Well, it’s that time of every-four-years again, and, with the World Cup coming up, I’ve been thinking about some of the great media that’s been made about football. And when it comes to movies, there is one that stands out above all others: Shaolin Soccer.
I first saw Shaolin Soccer when it came out twenty-five years ago, crammed into the tiny indie cinema that was more or less a caravan in someone’s car park with my family because it was the only thing that was age-appropriate for all of us. And I have loved it ever since, this batshit insane comedy-kung-fu-soccer movie from Chinese director Stephen Chow, a strange little masterpiece that I’ve watched over and over and never loved any less.
Shaolin Soccer is a football movie that takes a simple approach: treat the game with as much seriousness as the fans. Oh, and do it through the lens of a classic kung-fu movie, with a James Bond-level supervillain as the antagonist and chemically-enhanced supersoldiers making up the ultimate nemeses of our leading men. Oh, and there’s some song-and-dance numbers. You know, now that I’m writing it out like this, it really does seem like a lot, but trust me when I say that this movie makes every inch of that work.

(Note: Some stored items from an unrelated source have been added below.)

lemma binary_form_discrete:
  fixes a1 a2 a \<zeta> \<eta> l m t :: 'a
  assumes nz: "a1 \<noteq> 0" "a2 \<noteq> 0" "a \<noteq> 0" "\<zeta> \<noteq> 0" "\<eta> \<noteq> 0"
    and zeta: "nu_eq a (\<zeta> * a1)" and eta: "nu_eq a2 (\<eta> * a)" and lm: "l \<noteq> 0 \<or> m \<noteq> 0"
    and step: "smallest_above_e (ee * t)" and disc: "nu_eq (a^2) (t * a1 * a2)"
  defines "Q \<equiv> binary_form a1 a2 a l m"
  shows "(nu_less (\<zeta> * m) l \<or> nu_eq l (\<zeta> * m) \<or> nu_eq l (\<eta> * m) \<or> nu_less l (\<eta> * m)) \<and>
    \<not> (nu_less (\<zeta> * m) l \<and> nu_eq l (\<zeta> * m)) \<and> \<not> (nu_less (\<zeta> * m) l \<and> nu_eq l (\<eta> * m)) \<and>
    \<not> (nu_less (\<zeta> * m) l \<and> nu_less l (\<eta> * m)) \<and>
    \<not> (nu_eq l (\<zeta> * m) \<and> nu_eq l (\<eta> * m)) \<and> \<not> (nu_eq l (\<zeta> * m) \<and> nu_less l (\<eta> * m)) \<and>
    \<not> (nu_eq l (\<eta> * m) \<and> nu_less l (\<eta> * m)) \<and>
    (nu_less (\<zeta> * m) l \<longrightarrow> Q = l^2 * a1) \<and>
    (nu_eq l (\<zeta> * m) \<longrightarrow> Q = ee * l^2 * a1 \<and> Q = ee * l * m * a) \<and>
    (nu_eq l (\<eta> * m) \<longrightarrow> Q = ee * m^2 * a2 \<and> Q = ee * l * m * a) \<and>
    (nu_less l (\<eta> * m) \<longrightarrow> Q = m^2 * a2)"
proof -
  have "nu_less ((a1 * a2) * 1) ((a1 * a2) * t)"
    using nu_less_mult_left_iff one_nu_less_step[OF step] nz mult_neq_0 by blast
  moreover have "nu_eq ((a1 * a2) * t) (a^2)"
    using disc unfolding nu_eq_def by (simp add: mult_ac)
  ultimately have "nu_less (a1 * a2) (a^2)"
    unfolding nu_less_def nu_le_def nu_eq_def by simp
  then have eta_zeta: "nu_less \<eta> \<zeta>" using discriminant_nu_less_iff[OF nz(1,3) zeta eta] by simp
  note evaluation = binary_form_eta_nu_less_zeta[OF nz(1,3,4,5) zeta eta eta_zeta lm, folded Q_def]
  have "nu_eq ((a1 * a) * \<zeta>) ((a1 * a) * (t * \<eta>))"
    using disc nu_eq_mult_left[OF zeta, of a] nu_eq_mult_left[OF eta, of "t * a1"]
    unfolding nu_eq_def by (simp add: power2_eq_square mult_ac)
  then have "nu_eq \<zeta> (t * \<eta>)" using nu_eq_mult_left_iff nz mult_neq_0 by blast
  then have zeta_step: "nu_eq (\<zeta> * m) (t * (\<eta> * m))"
    using nu_eq_mult_left[of \<zeta> "t * \<eta>" m] unfolding nu_eq_def by (simp add: mult_ac)
  show ?thesis
  proof (cases "m = 0")
    case True
    then show ?thesis using lm evaluation by (simp add: nu_eq_0_iff nu_less_0_iff)
  next
    case False
    have "nu_less (\<eta> * m) (\<zeta> * m)"
      using eta_zeta nu_less_mult_left_iff[OF False] by (simp add: mult.commute)
    moreover have "\<not> (nu_less (\<eta> * m) l \<and> nu_less l (\<zeta> * m))"
      using no_nu_between_step[OF step, of "\<eta> * m" l] nu_less_cong[OF _ zeta_step, of l l]
        nz False mult_neq_0 by (simp add: nu_eq_def)
    ultimately show ?thesis
      using nu_four_cases[OF tangible_supersemifield_supertropical] evaluation by blast
  qed
qed

lemma add3_nu_le_square:
  assumes key: "nu_le (C * C) (A * (B::'a))"
  shows "nu_less B A \<Longrightarrow> A + B + C = A" and "nu_eq A B \<Longrightarrow> A + B + C = ee * B"
proof -
  have S: "supertropical TYPE('a)" by (rule tangible_supersemifield_supertropical)
  show "A + B + C = A" if BA: "nu_less B A"
  proof -
    have "nu_less C A"
    proof (rule ccontr)
      assume "\<not> nu_less C A"
      then have "nu_le A C" using not_nu_less_iff[OF S] by blast
      have "A \<noteq> 0" using BA nu_less_0_iff(2) by blast
      then have "nu_less (A * B) (A * A)" using nu_less_mult_left_iff BA by blast
      also have "nu_le (A * A) (C * C)" using nu_le_square[OF \<open>nu_le A C\<close>] .
      finally show False using key not_nu_less_iff[OF S] by blast
    qed
    then have "B + C + A = A" by (rule add3_nu_less[OF S BA])
    then show ?thesis by (simp add: ac_simps)
  qed
  show "A + B + C = ee * B" if AB: "nu_eq A B"
  proof -
    have "nu_le C A"
    proof (rule ccontr)
      assume "\<not> nu_le C A"
      then have "nu_less A C" using not_nu_less_iff[OF S] by blast
      have "nu_eq (A * B) (A * A)" using nu_eq_mult_left[OF nu_eq_sym[OF AB]] .
      then have "nu_less (A * B) (C * C)"
        using nu_less_square[OF \<open>nu_less A C\<close>] nu_less_cong[OF _ nu_eq_refl] by blast
      then show False using key not_nu_less_iff[OF S] by blast
    qed
    then have "nu_le C B" using AB unfolding nu_le_def nu_eq_def by simp
    then have "A + C + B = ee * B" by (rule add3_nu_eq[OF S AB])
    then show ?thesis by (simp add: ac_simps)
  qed
qed

lemma nu_square_if_nu_eq:
  assumes "(m::'a) \<noteq> 0" and "nu_eq (l^2 * a1) (m^2 * a2)"
  shows "nu_square (a1 * a2)"
proof -
  obtain s where s: "ee * (s * m) = ee" using ex_nu_inverse[OF assms(1)] by blast
  have "ee * (l * a1 * s)^2 = (ee * (l^2 * a1)) * (a1 * s^2)"
    by (simp add: power2_eq_square mult_ac)
  also have "\<dots> = (ee * (m^2 * a2)) * (a1 * s^2)" using assms(2) unfolding nu_eq_def by simp
  also have "\<dots> = ee * (s * m) * (s * m) * (a1 * a2)" by (simp add: power2_eq_square mult_ac)
  also have "\<dots> = ee * (a1 * a2)" using s by simp
  finally have "nu_eq (a1 * a2) ((l * a1 * s)^2)" unfolding nu_eq_def by simp
  then show ?thesis unfolding nu_square_def by blast
qed

lemma binary_form_nu_le_discriminant:
  fixes a1 a2 a l m :: 'a
  assumes "a1 \<noteq> 0" and lm: "l \<noteq> 0 \<or> m \<noteq> 0" and disc: "nu_le (a^2) (a1 * a2)"
  defines "Q \<equiv> binary_form a1 a2 a l m"
  shows "(nu_less (m^2 * a2) (l^2 * a1) \<longrightarrow> Q = l^2 * a1) \<and>
    (nu_eq (l^2 * a1) (m^2 * a2) \<longrightarrow> Q = ee * l^2 * a1 \<and> Q = ee * m^2 * a2 \<and> nu_square (a1 * a2)) \<and>
    (nu_less (l^2 * a1) (m^2 * a2) \<longrightarrow> Q = m^2 * a2)"
proof -
  define A B C where "A = l^2 * a1" and "B = m^2 * a2" and "C = l * m * a"
  have Q: "Q = A + B + C" by (simp add: Q_def A_def B_def C_def binary_form_def)
  have "nu_le ((l * m)^2 * a^2) ((l * m)^2 * (a1 * a2))" using nu_le_mult_left[OF disc] .
  then have key: "nu_le (C * C) (A * B)" "nu_le (C * C) (B * A)"
    by (simp_all add: A_def B_def C_def power2_eq_square mult_ac)
  have "Q = A" if "nu_less B A" using add3_nu_le_square(1)[OF key(1) that] Q by simp
  moreover have "Q = B" if "nu_less A B"
    using add3_nu_le_square(1)[OF key(2) that] Q by (simp add: ac_simps)
  moreover have "Q = ee * A \<and> Q = ee * B \<and> nu_square (a1 * a2)" if AB: "nu_eq A B"
  proof -
    have "m \<noteq> 0"
    proof
      assume "m = 0"
      then have "l^2 * a1 = 0" using AB nu_eq_0_iff(1) by (simp add: A_def B_def)
      then show False using lm \<open>m = 0\<close> \<open>a1 \<noteq> 0\<close> power2_neq_0 mult_neq_0 by blast
    qed
    then have "nu_square (a1 * a2)" using nu_square_if_nu_eq AB by (simp add: A_def B_def)
    moreover have "Q = ee * B" using add3_nu_le_square(2)[OF key(1) AB] Q by simp
    ultimately show ?thesis using AB unfolding nu_eq_def by simp
  qed
  moreover have ee_AB: "ee * l^2 * a1 = ee * A" "ee * m^2 * a2 = ee * B"
    by (simp_all add: A_def B_def mult.assoc)
  ultimately show ?thesis unfolding ee_AB unfolding A_def B_def by blast
qed

end

theorem proposition3p4:
  fixes sm :: "'a::comm_semiring_1 \<Rightarrow> 'v::comm_monoid_add \<Rightarrow> 'v"
    and q :: "'v \<Rightarrow> 'a" and b :: "'v \<Rightarrow> 'v \<Rightarrow> 'a"
    and x y :: 'v and \<zeta> \<eta> l m :: 'a
  assumes R: "tangible_supersemifield TYPE('a)"
    and V: "semimodule sm"
    and qb: "quadratic_pair sm q b"
    and nz: "q x \<noteq> 0" "q y \<noteq> 0" "b x y \<noteq> 0"
    and zeta: "\<zeta> \<in> tangibles" "nu_eq (b x y) (\<zeta> * q x)"
    and eta: "\<eta> \<in> tangibles" "nu_eq (q y) (\<eta> * b x y)"
    and lm: "l \<noteq> 0 \<or> m \<noteq> 0"
  shows
   "(let \<alpha>1 = q x; \<alpha>2 = q y; \<alpha> = b x y; Q = q (sm l x + sm m y) in
     (nu_less (\<alpha>1 * \<alpha>2) (\<alpha>^2) \<and>
      \<not> (discrete TYPE('a) \<and> (\<exists>\<pi>. uniformizer \<pi> \<and> nu_eq (\<alpha>^2) (tinv \<pi> * \<alpha>1 * \<alpha>2))) \<longrightarrow>
        (nu_less (\<zeta> * m) l \<longrightarrow> Q = l^2 * \<alpha>1) \<and>
        (nu_eq l (\<zeta> * m) \<longrightarrow> Q = ee * l^2 * \<alpha>1 \<and> Q = ee * l * m * \<alpha>) \<and>
        (nu_less (\<eta> * m) l \<and> nu_less l (\<zeta> * m) \<longrightarrow> Q = l * m * \<alpha>) \<and>
        (nu_eq l (\<eta> * m) \<longrightarrow> Q = ee * m^2 * \<alpha>2 \<and> Q = ee * l * m * \<alpha>) \<and>
        (nu_less l (\<eta> * m) \<longrightarrow> Q = m^2 * \<alpha>2))
   \<and>
     (discrete TYPE('a) \<and> (\<exists>\<pi>. uniformizer \<pi> \<and> nu_eq (\<alpha>^2) (tinv \<pi> * \<alpha>1 * \<alpha>2)) \<longrightarrow>
        (let P1 = nu_less (\<zeta> * m) l; P2 = nu_eq l (\<zeta> * m);
             P3 = nu_eq l (\<eta> * m); P4 = nu_less l (\<eta> * m) in
         (P1 \<or> P2 \<or> P3 \<or> P4) \<and>
         \<not> (P1 \<and> P2) \<and> \<not> (P1 \<and> P3) \<and> \<not> (P1 \<and> P4) \<and>
         \<not> (P2 \<and> P3) \<and> \<not> (P2 \<and> P4) \<and> \<not> (P3 \<and> P4) \<and>
         (P1 \<longrightarrow> Q = l^2 * \<alpha>1) \<and>
         (P2 \<longrightarrow> Q = ee * l^2 * \<alpha>1 \<and> Q = ee * l * m * \<alpha>) \<and>
         (P3 \<longrightarrow> Q = ee * m^2 * \<alpha>2 \<and> Q = ee * l * m * \<alpha>) \<and>
         (P4 \<longrightarrow> Q = m^2 * \<alpha>2)))
   \<and>
     (nu_le (\<alpha>^2) (\<alpha>1 * \<alpha>2) \<longrightarrow>
        (nu_less (m^2 * \<alpha>2) (l^2 * \<alpha>1) \<longrightarrow> Q = l^2 * \<alpha>1) \<and>
        (nu_eq (l^2 * \<alpha>1) (m^2 * \<alpha>2) \<longrightarrow>
            Q = ee * l^2 * \<alpha>1 \<and> Q = ee * m^2 * \<alpha>2 \<and> nu_square (\<alpha>1 * \<alpha>2)) \<and>
        (nu_less (l^2 * \<alpha>1) (m^2 * \<alpha>2) \<longrightarrow> Q = m^2 * \<alpha>2)))"
proof -
  have tangible_nz: "\<zeta> \<noteq> 0" "\<eta> \<noteq> 0" using tangible_neq_0 zeta(1) eta(1) by blast+
  have discriminant: "nu_less (q x * q y) ((b x y)^2) \<longleftrightarrow> nu_less \<eta> \<zeta>"
    using discriminant_nu_less_iff[OF R nz(1,3) zeta(2) eta(2)] .
  have step: "smallest_above_e (ee * tinv \<pi>)" if "uniformizer \<pi>" for \<pi> :: 'a
    using that unfolding uniformizer_def by simp
  show ?thesis
    unfolding Let_def quadratic_pair_add_smult[OF qb]
    using binary_form_eta_nu_less_zeta[OF R nz(1,3) tangible_nz zeta(2) eta(2) _ lm] discriminant
      binary_form_discrete[OF R nz(1,2,3) tangible_nz zeta(2) eta(2) lm step]
      binary_form_nu_le_discriminant[OF R nz(1) lm]
    by (meson mult.assoc)
qed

The movie follows Sing (played by Chow himself), a Shaolin master struggling to make ends’ meet who joins forces with a once-legendary ex-footballer Fung (Ng Man-Tat) to take on the discreetly-named Team Evil to win the national football tournament. And it’s exactly as joyfully silly a film as you would expect, based on a premise like that one, utterly embracing the daft intersection between football and kung-fu with some genuinely fun game sequences that take the action seriously.
The real draw here is the fantastic cast, from Chow’s impossibly charming Sing to his Tai Chi master love interest Mui (Zhao Wei – and let me just say, I am so glad that they actually put some effort in to making her look marginally less than beautiful before the big makeover sequence, unlike basically every other movie that does this trope and just tosses on a pair of glasses and calls it a day) – and that’s not even touching on his brothers who make up the rest of the team. Wong Fat-Yei is everyone’s secret favourite as the perma-smoking Iron Leg, but Danny Chan Kwok-kwan as the barely-disguised Bruce Lee stand-in might pip him to the post, and not just because he plays the goalkeeper. The chemistry is off the charts between everyone here, even those in tiny supporting roles giving something distinct and memorable.
Chow wears his cinematic heart on his sleeve with Shaolin Soccer, making no secret of all the directors and movies that have influenced him. As much as the classic movies of Bruce Lee and Jackie Chan are obviously front-and-centre here, he plays with a million different references – everything from Looney Tunes to Saving Private Ryan. Instead of getting bogged down, though, the unique nature of the premise lifts it above simple homage, giving it a completely distinct style that’s entirely its own.
Distinct, witty, and completely batshit insane, even twenty-five years later, Shaolin Soccer is as much of a relentless good time as it was when it first released. With that said, I would love to hear about your favourite football movies (if you can come up with any better than this, which, you know, I’d like to see it) in the comments below!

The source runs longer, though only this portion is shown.